In case of severe pneumonia caused by pneumococcus, Floracid may not be sufficiently effective. Hospital infections caused by Pseudomonas aeruginosa may require combined treatment.
During treatment with the drug Floracid may develop an attack of convulsions in patients with previous brain damage due, for instance, by stroke or severe trauma.
Despite the fact that the photosensitivity observed in the application of the drug Floracid very rarely, to avoid the development of patients should avoid exposure to the sun or ultraviolet radiation.
If you suspect pseudomembranous colitis should immediately stop Floracid and begin appropriate treatment. In such cases it is impossible to use drugs that suppress intestinal motility.
The elderly patients when using the drug Floracid the likelihood of developing tendinitis increases. With the use of corticosteroids increases the risk of tendon rupture. If you suspect tendonitis, you should immediately cancel Floracid and start appropriate treatment, providing a state of peace in the affected area.
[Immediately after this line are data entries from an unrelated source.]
(* For every $n\ge1$ there is a bijection $\sigma\mapsto\sigma'$ from $\mathcal{X}_{2n}$ onto $\mathcal{R}_{2n}$ such that $\mathrm{drop}(\sigma')=\mathrm{des}(\sigma)$. In particular $|\mathcal{X}_{2n}|=|\mathcal{R}_{2n}|$.
   Context: For $\sigma\in\mathfrak{S}_m$ (permutations of $[m]$), a descent is an index $i$ with $\sigma_i>\sigma_{i+1}$ (descent pair $(\sigma_i,\sigma_{i+1})$), $\mathrm{des}(\sigma)$ is the number of descents; $\mathcal{X}_{2n}$ is the set of permutations of $[2n]$ whose every descent pair $(\sigma_i,\sigma_{i+1})$ has $\sigma_i$ even and $\sigma_{i+1}$ odd. A drop of $\sigma$ is a pair $(i,\sigma_i)$ with $i>\sigma_i$ ($i$ is the drop top, $\sigma_i$ the drop bottom); $\mathrm{drop}(\sigma)$ is the number of drops. A drop is even-odd if $i$ is even and $\sigma_i$ is odd. $\mathcal{R}_{2n}$ is the set of permutations of $[2n]$ all of whose drops are even-odd. *)

theory Defs
  imports "HOL-Combinatorics.Permutations"
begin

(* Permutations of [m] = {1..m} are functions sigma :: nat => nat with sigma permutes {1..m};
   sigma i is the i-th letter of the one-line notation. *)

definition perms :: "nat \<Rightarrow> (nat \<Rightarrow> nat) set" where
  "perms m = {\<sigma>. \<sigma> permutes {1..m}}"
(* Let $g_n$, $n\in\mathbb N$, be wasteful partial functions from $X^M$ to a set $Y$. Then there exist a set $A\subseteq X^M$ of width $1$, injective partial functions $g_n'\subseteq g_n$ ($n\in\mathbb N$) such that $A$ is the disjoint union of the sets $\operatorname{dom}(g_n')$, and partial functions $h_n$ from $X^M$ to $A$, such that $g_n=g_n'\circ h_n$ for all $n\in\mathbb N$.
   Context: $X=\omega\times\omega$, elements $(a|b)$ ($x$-coordinate $a$, $y$-coordinate $b$); $M=\{1,\dots,m\}$. Width of $Y\subseteq X$: $\sup_n|Y\cap(\omega\times\{n\})|$; the width of a set $A\subseteq X^M$ is the maximum of the widths of its projections onto the components $i\in M$. $B^M_k=\{u\in X^M:\exists i\in M\,((u_i)^y<k)\}$; a subset of $X^M$ is bounded iff contained in some $B^M_k$. A partial function $p$ from $X^M$ to $Y$ is wasteful iff $p^{-1}[d]$ is unbounded for every $d\in\operatorname{ran}(p)$. Composition of partial functions: $(g\circ h)(u)$ is defined iff $h(u)$ is defined and lies in $\operatorname{dom}(g)$. *)

theory Defs
  imports Main "HOL-Library.FuncSet" "HOL-Library.Extended_Nat" "HOL-Library.Disjoint_Sets"
begin

text \<open>X = omega x omega; a point (a|b) is the pair (a, b), x-coordinate fst, y-coordinate snd.\<close>

type_synonym pt = "nat \<times> nat"

definition XM :: "nat \<Rightarrow> (nat \<Rightarrow> pt) set" where
  "XM m = PiE {1..m} (\<lambda>_. UNIV)"

definition row_size :: "pt set \<Rightarrow> nat \<Rightarrow> enat" where
  "row_size Y n = (let S = Y \<inter> (UNIV \<times> {n}) in if finite S then enat (card S) else \<infinity>)"

definition width :: "pt set \<Rightarrow> enat" where
  "width Y = (SUP n. row_size Y n)"

definition widthM :: "nat \<Rightarrow> (nat \<Rightarrow> pt) set \<Rightarrow> enat" where
  "widthM m A = (SUP i\<in>{1..m}. width ((\<lambda>u. u i) ` A))"

definition BM :: "nat \<Rightarrow> nat \<Rightarrow> (nat \<Rightarrow> pt) set" where
  "BM m k = {u \<in> XM m. \<exists>i\<in>{1..m}. snd (u i) < k}"

definition boundedM :: "nat \<Rightarrow> (nat \<Rightarrow> pt) set \<Rightarrow> bool" where
  "boundedM m S \<longleftrightarrow> (\<exists>k. S \<subseteq> BM m k)"

definition wasteful :: "nat \<Rightarrow> ((nat \<Rightarrow> pt) \<Rightarrow> 'y option) \<Rightarrow> bool" where
  "wasteful m p \<longleftrightarrow> (\<forall>d\<in>ran p. \<not> boundedM m {u. p u = Some d})"

end

theory Submission
  imports Defs "HOL-Library.Countable_Set"
begin

(* Enumerate the countably many pairs (n, d) with d in the range of g n as
   e_0, e_1, ...  Wastefulness says that the fibre of g n over d contains points all of
   whose y-coordinates are arbitrarily large, so we may choose, for each j, a point p j
   in the fibre of e_j so high that every coordinate of p (j+1) lies strictly above every
   coordinate of p j (a "staircase").  Then the map j |-> (u |-> y-coordinate of u i) is
   injective for every component i, so the set A of chosen points has width 1, and p is
   injective, so every pair (n, d) gets its own representative a n d.  Restricting g n to
   its representatives gives g' n, and h n sends u to the representative of g n u. *)

lemma width_le_1_if_inj_snd:
  assumes "inj_on snd Y"
  shows "width Y \<le> 1"
  unfolding width_def
proof (rule SUP_least)
  fix r
  let ?S = "Y \<inter> (UNIV \<times> {r})"
  have inj: "inj_on snd ?S" using assms by (rule inj_on_subset) blast
  have row: "snd ` ?S \<subseteq> {r}" by auto
  then have fin: "finite ?S" using inj_on_finite[OF inj] by blast
  have "card ?S = card (snd ` ?S)" using card_image[OF inj] by simp
  also have "\<dots> \<le> card {r}" using card_mono[OF _ row] by simp
  finally show "row_size Y r \<le> 1"
    unfolding row_size_def Let_def using fin by (simp add: one_enat_def)
qed

lemma widthM_le_1_if_inj_rows:
  assumes "\<And>i. i \<in> {1..m} \<Longrightarrow> inj_on (\<lambda>u. snd (u i)) A"
  shows "widthM m A \<le> 1"
  unfolding widthM_def
proof (rule SUP_least)
  fix i assume "i \<in> {1..m}"
  then have "inj_on (snd \<circ> (\<lambda>u. u i)) A" using assms by (simp add: comp_def)
  then show "width ((\<lambda>u. u i) ` A) \<le> 1"
    by (intro width_le_1_if_inj_snd inj_on_imageI)
qed

definition staircase :: "'i set \<Rightarrow> (nat \<Rightarrow> 'i \<Rightarrow> 'a \<times> nat) \<Rightarrow> bool" where
  "staircase I p \<longleftrightarrow>
     (\<forall>j j'. j < j' \<longrightarrow> (\<forall>i\<in>I. \<forall>i'\<in>I. snd (p j i) < snd (p j' i')))"

lemma staircaseI_Suc:
  assumes "I \<noteq> {}"
    and step: "\<And>j. \<forall>i\<in>I. \<forall>i'\<in>I. snd (p j i) < snd (p (Suc j) i')"
  shows "staircase I p"
  unfolding staircase_def
proof (intro allI impI)
  obtain i\<^sub>0 where i\<^sub>0: "i\<^sub>0 \<in> I" using \<open>I \<noteq> {}\<close> by blast
  fix j j' :: nat assume "j < j'"
  then show "\<forall>i\<in>I. \<forall>i'\<in>I. snd (p j i) < snd (p j' i')"
  proof (induction rule: less_Suc_induct)
    case (1 j) show ?case by (rule step)
  next
    case (2 j k l)
    show ?case
    proof (intro ballI)
      fix i i' assume "i \<in> I" "i' \<in> I"
      then have "snd (p j i) < snd (p k i\<^sub>0)" "snd (p k i\<^sub>0) < snd (p l i')"
        using 2 i\<^sub>0 by blast+
      then show "snd (p j i) < snd (p l i')" by linarith
    qed
  qed
qed

lemma staircase_exists:
  fixes F :: "nat \<Rightarrow> ('i \<Rightarrow> 'a \<times> nat) set"
  assumes "finite I" "I \<noteq> {}"
    and high: "\<And>j k. \<exists>u\<in>F j. \<forall>i\<in>I. k \<le> snd (u i)"
  shows "\<exists>p. (\<forall>j. p j \<in> F j) \<and> staircase I p"
proof -
  have "\<exists>p. \<forall>j. p j \<in> F j \<and> (\<forall>i\<in>I. \<forall>i'\<in>I. snd (p j i) < snd (p (Suc j) i'))"
  proof (rule dependent_nat_choice)
    show "\<exists>u. u \<in> F 0" using high by blast
  next
    fix u j
    let ?k = "Suc (Max ((\<lambda>i. snd (u i)) ` I))"
    obtain v where "v \<in> F (Suc j)" and v: "\<forall>i\<in>I. ?k \<le> snd (v i)"
      using high by blast
    moreover have "\<forall>i\<in>I. \<forall>i'\<in>I. snd (u i) < snd (v i')"
    proof (intro ballI)
      fix i i' assume "i \<in> I" "i' \<in> I"
      then have "snd (u i) \<le> Max ((\<lambda>i. snd (u i)) ` I)" using \<open>finite I\<close> by simp
      then show "snd (u i) < snd (v i')" using v \<open>i' \<in> I\<close> by fastforce
    qed
    ultimately show "\<exists>v. v \<in> F (Suc j) \<and> (\<forall>i\<in>I. \<forall>i'\<in>I. snd (u i) < snd (v i'))"
      by blast
  qed
  then show ?thesis using staircaseI_Suc[OF \<open>I \<noteq> {}\<close>] by blast
qed

lemma staircase_inj_row:
  assumes "staircase I p" "i \<in> I"
  shows "inj (\<lambda>j. snd (p j i))"
proof (rule injI)
  fix j j' assume "snd (p j i) = snd (p j' i)"
  with assms show "j = j'" unfolding staircase_def
    by (metis less_irrefl linorder_neqE_nat)
qed

lemma staircase_inj:
  assumes "staircase I p" "i \<in> I"
  shows "inj p"
  using staircase_inj_row[OF assms] by (intro inj_on_imageI2[of "\<lambda>u. snd (u i)"]) (simp add: comp_def)

lemma staircase_widthM:
  assumes "staircase {1..m} p" "B \<subseteq> range p"
  shows "widthM m B \<le> 1"
proof (rule widthM_le_1_if_inj_rows)
  fix i assume "i \<in> {1..m}"
  then have "inj_on ((\<lambda>u. snd (u i)) \<circ> p) UNIV"
    using staircase_inj_row[OF assms(1)] by (simp add: comp_def)
  then show "inj_on (\<lambda>u. snd (u i)) B"
    using inj_on_imageI inj_on_subset assms(2) by blast
qed

text \<open>\<open>X^M\<close> is countable (a point is determined by the list of its \<open>m\<close> coordinates);
  hence every \<open>g n\<close> has countably many values and the pairs \<open>(n, d)\<close> can be enumerated.\<close>
lemma countable_XM: "countable (XM m)"
proof (rule countableI')
  show "inj_on (\<lambda>u. map u [1..<Suc m]) (XM m)"
    unfolding XM_def by (rule inj_onI, rule PiE_ext) (auto simp: map_eq_conv)
qed

lemma unbounded_high_point:
  assumes "S \<subseteq> XM m" "\<not> boundedM m S"
  shows "\<exists>u\<in>S. \<forall>i\<in>{1..m}. k \<le> snd (u i)"
proof -
  obtain u where "u \<in> S" "u \<notin> BM m k" using assms(2) unfolding boundedM_def by blast
  then show ?thesis using assms(1) unfolding BM_def by (auto simp: not_less)
qed

lemma wasteful_representatives:
  fixes g :: "nat \<Rightarrow> ((nat \<Rightarrow> pt) \<Rightarrow> 'y option)"
  assumes "m \<ge> 1"
    and dom: "\<And>n. dom (g n) \<subseteq> XM m"
    and wasteful: "\<And>n. wasteful m (g n)"
  defines "S \<equiv> SIGMA n:UNIV. ran (g n)"
  shows "\<exists>a. (\<forall>n. \<forall>d\<in>ran (g n). g n (a n d) = Some d)
            \<and> inj_on (case_prod a) S \<and> widthM m (case_prod a ` S) \<le> 1"
proof (cases "S = {}")
  case True
  then show ?thesis
    by (auto simp: S_def intro: widthM_le_1_if_inj_rows)
next
  case False
  have "countable (ran (g n))" for n
  proof -
    have "ran (g n) = (\<lambda>u. the (g n u)) ` dom (g n)" unfolding ran_def dom_def by force
    then show ?thesis using countable_subset[OF dom countable_XM] by simp
  qed
  then have "countable S" unfolding S_def by blast
  define e where "e = from_nat_into S"
  have e_onto: "range e = S" unfolding e_def using False \<open>countable S\<close> by simp
  define F where "F j = {u. g (fst (e j)) u = Some (snd (e j))}" for j
  have "\<exists>u\<in>F j. \<forall>i\<in>{1..m}. k \<le> snd (u i)" for j k
  proof (rule unbounded_high_point)
    have "snd (e j) \<in> ran (g (fst (e j)))" using e_onto by (force simp: S_def)
    then show "\<not> boundedM m (F j)" using wasteful unfolding wasteful_def F_def by blast
    show "F j \<subseteq> XM m" using dom unfolding F_def by blast
  qed
  then obtain p where p_in: "\<And>j. p j \<in> F j" and stair: "staircase {1..m} p"
    using staircase_exists[of "{1..m}" F] \<open>m \<ge> 1\<close> by auto
  define a where "a n d = p (inv e (n, d))" for n d
  have a_eq: "case_prod a = p \<circ> inv e" by (simp add: a_def fun_eq_iff)
  show ?thesis
  proof (intro exI conjI ballI allI)
    fix n d assume "d \<in> ran (g n)"
    then have "e (inv e (n, d)) = (n, d)" using e_onto by (simp add: S_def f_inv_into_f)
    then show "g n (a n d) = Some d" using p_in[of "inv e (n, d)"] by (simp add: a_def F_def)
  next
    have "inj p" using staircase_inj[OF stair, of 1] \<open>m \<ge> 1\<close> by simp
    moreover have "inj_on (inv e) S" using e_onto by (simp add: inj_on_inv_into)
    ultimately show "inj_on (case_prod a) S"
      unfolding a_eq by (simp add: comp_inj_on inj_on_subset)
  next
    show "widthM m (case_prod a ` S) \<le> 1"
      using stair by (rule staircase_widthM) (auto simp: a_eq)
  qed
qed

lemma factor_through_representatives:
  fixes g :: "'n \<Rightarrow> ('x \<Rightarrow> 'y option)" and a :: "'n \<Rightarrow> 'y \<Rightarrow> 'x"
  assumes rep: "\<And>n d. d \<in> ran (g n) \<Longrightarrow> g n (a n d) = Some d"
    and inj: "inj_on (case_prod a) (SIGMA n:UNIV. ran (g n))"
  shows "\<exists>g' h. (\<forall>n. g' n \<subseteq>\<^sub>m g n \<and> inj_on (g' n) (dom (g' n)))
           \<and> (\<Union>n. dom (g' n)) = case_prod a ` (SIGMA n:UNIV. ran (g n))
           \<and> disjoint_family (\<lambda>n. dom (g' n))
           \<and> (\<forall>n. dom (h n) = dom (g n)
                 \<and> ran (h n) \<subseteq> case_prod a ` (SIGMA n:UNIV. ran (g n))
                 \<and> g n = g' n \<circ>\<^sub>m h n)"
proof -
  define g' where "g' n = g n |` (a n ` ran (g n))" for n
  define h where "h n = map_option (a n) \<circ> g n" for n
  have in_ran: "g n u = Some d \<Longrightarrow> d \<in> ran (g n)" for n u d by (auto simp: ran_def)
  have dom_g': "dom (g' n) = a n ` ran (g n)" for n
  proof -
    have "a n ` ran (g n) \<subseteq> dom (g n)" using rep by (auto simp: dom_def)
    then show ?thesis by (auto simp: g'_def)
  qed
  have g'_rep: "d \<in> ran (g n) \<Longrightarrow> g' n (a n d) = Some d" for n d
    using rep unfolding g'_def by simp
  show ?thesis
  proof (intro exI conjI allI)
    fix n
    show "g' n \<subseteq>\<^sub>m g n" by (auto simp: map_le_def g'_def)
    show "inj_on (g' n) (dom (g' n))"
      by (rule inj_onI) (auto simp: dom_g' g'_rep)
    show "dom (h n) = dom (g n)" by (auto simp: h_def dom_def)
    show "ran (h n) \<subseteq> case_prod a ` (SIGMA n:UNIV. ran (g n))"
      by (auto simp: h_def ran_def intro: in_ran)
    show "g n = g' n \<circ>\<^sub>m h n"
    proof
      fix u show "g n u = (g' n \<circ>\<^sub>m h n) u"
        by (cases "g n u") (auto simp: h_def map_comp_def g'_rep in_ran)
    qed
  next
    show "(\<Union>n. dom (g' n)) = case_prod a ` (SIGMA n:UNIV. ran (g n))"
      by (auto simp: dom_g')
    have "n = n'" if "d \<in> ran (g n)" "d' \<in> ran (g n')" "a n d = a n' d'" for n n' d d'
      using inj_onD[OF inj, of "(n, d)" "(n', d')"] that by simp
    then show "disjoint_family (\<lambda>n. dom (g' n))"
      unfolding disjoint_family_on_def dom_g' by blast
  qed
qed

theorem mainTheorem5:
  fixes m :: nat
    and g :: "nat \<Rightarrow> ((nat \<Rightarrow> pt) \<Rightarrow> 'y option)"
  assumes "m \<ge> 1"
    and "\<And>n. dom (g n) \<subseteq> XM m"
    and "\<And>n. wasteful m (g n)"
  shows "\<exists>(A :: (nat \<Rightarrow> pt) set) (g' :: nat \<Rightarrow> ((nat \<Rightarrow> pt) \<Rightarrow> 'y option))
            (h :: nat \<Rightarrow> ((nat \<Rightarrow> pt) \<Rightarrow> (nat \<Rightarrow> pt) option)).
           A \<subseteq> XM m \<and> widthM m A \<le> 1
         \<and> (\<forall>n. g' n \<subseteq>\<^sub>m g n \<and> inj_on (g' n) (dom (g' n)))
         \<and> A = (\<Union>n. dom (g' n)) \<and> disjoint_family (\<lambda>n. dom (g' n))
         \<and> (\<forall>n. dom (h n) \<subseteq> XM m \<and> ran (h n) \<subseteq> A \<and> g n = g' n \<circ>\<^sub>m h n)"
proof -
  let ?S = "SIGMA n:UNIV. ran (g n)"
  obtain a where rep: "\<And>n d. d \<in> ran (g n) \<Longrightarrow> g n (a n d) = Some d"
    and inj: "inj_on (case_prod a) ?S" and width: "widthM m (case_prod a ` ?S) \<le> 1"
    using wasteful_representatives[where g = g, OF assms] by auto
  obtain g' h where
      g': "\<forall>n. g' n \<subseteq>\<^sub>m g n \<and> inj_on (g' n) (dom (g' n))"
      and A: "(\<Union>n. dom (g' n)) = case_prod a ` ?S"
      and disj: "disjoint_family (\<lambda>n. dom (g' n))"
      and h: "\<forall>n. dom (h n) = dom (g n) \<and> ran (h n) \<subseteq> case_prod a ` ?S
                  \<and> g n = g' n \<circ>\<^sub>m h n"
    using factor_through_representatives[OF rep inj] by blast
  have "case_prod a ` ?S \<subseteq> XM m"
    using rep assms(2) by (force simp: dom_def)
  moreover have "\<forall>n. dom (h n) \<subseteq> XM m \<and> ran (h n) \<subseteq> case_prod a ` ?S \<and> g n = g' n \<circ>\<^sub>m h n"
  proof
    fix n
    have "dom (h n) = dom (g n)" using h by blast
    then show "dom (h n) \<subseteq> XM m \<and> ran (h n) \<subseteq> case_prod a ` ?S \<and> g n = g' n \<circ>\<^sub>m h n"
      using h assms(2)[of n] by blast
  qed
  ultimately show ?thesis
    using width g' A[symmetric] disj
    by (intro exI[of _ "case_prod a ` ?S"] exI[of _ g'] exI[of _ h] conjI) blast+
qed

end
While using vitamin K antagonists is necessary to monitor the blood coagulation system.
In patients with deficiency of glucose-6-phosphate dehydrogenase possible hemolysis.
Effects on ability to drive and operate machinery
During the period of treatment must be careful when driving and occupation of other potentially hazardous activities, require high concentration and psychomotor speed reactions.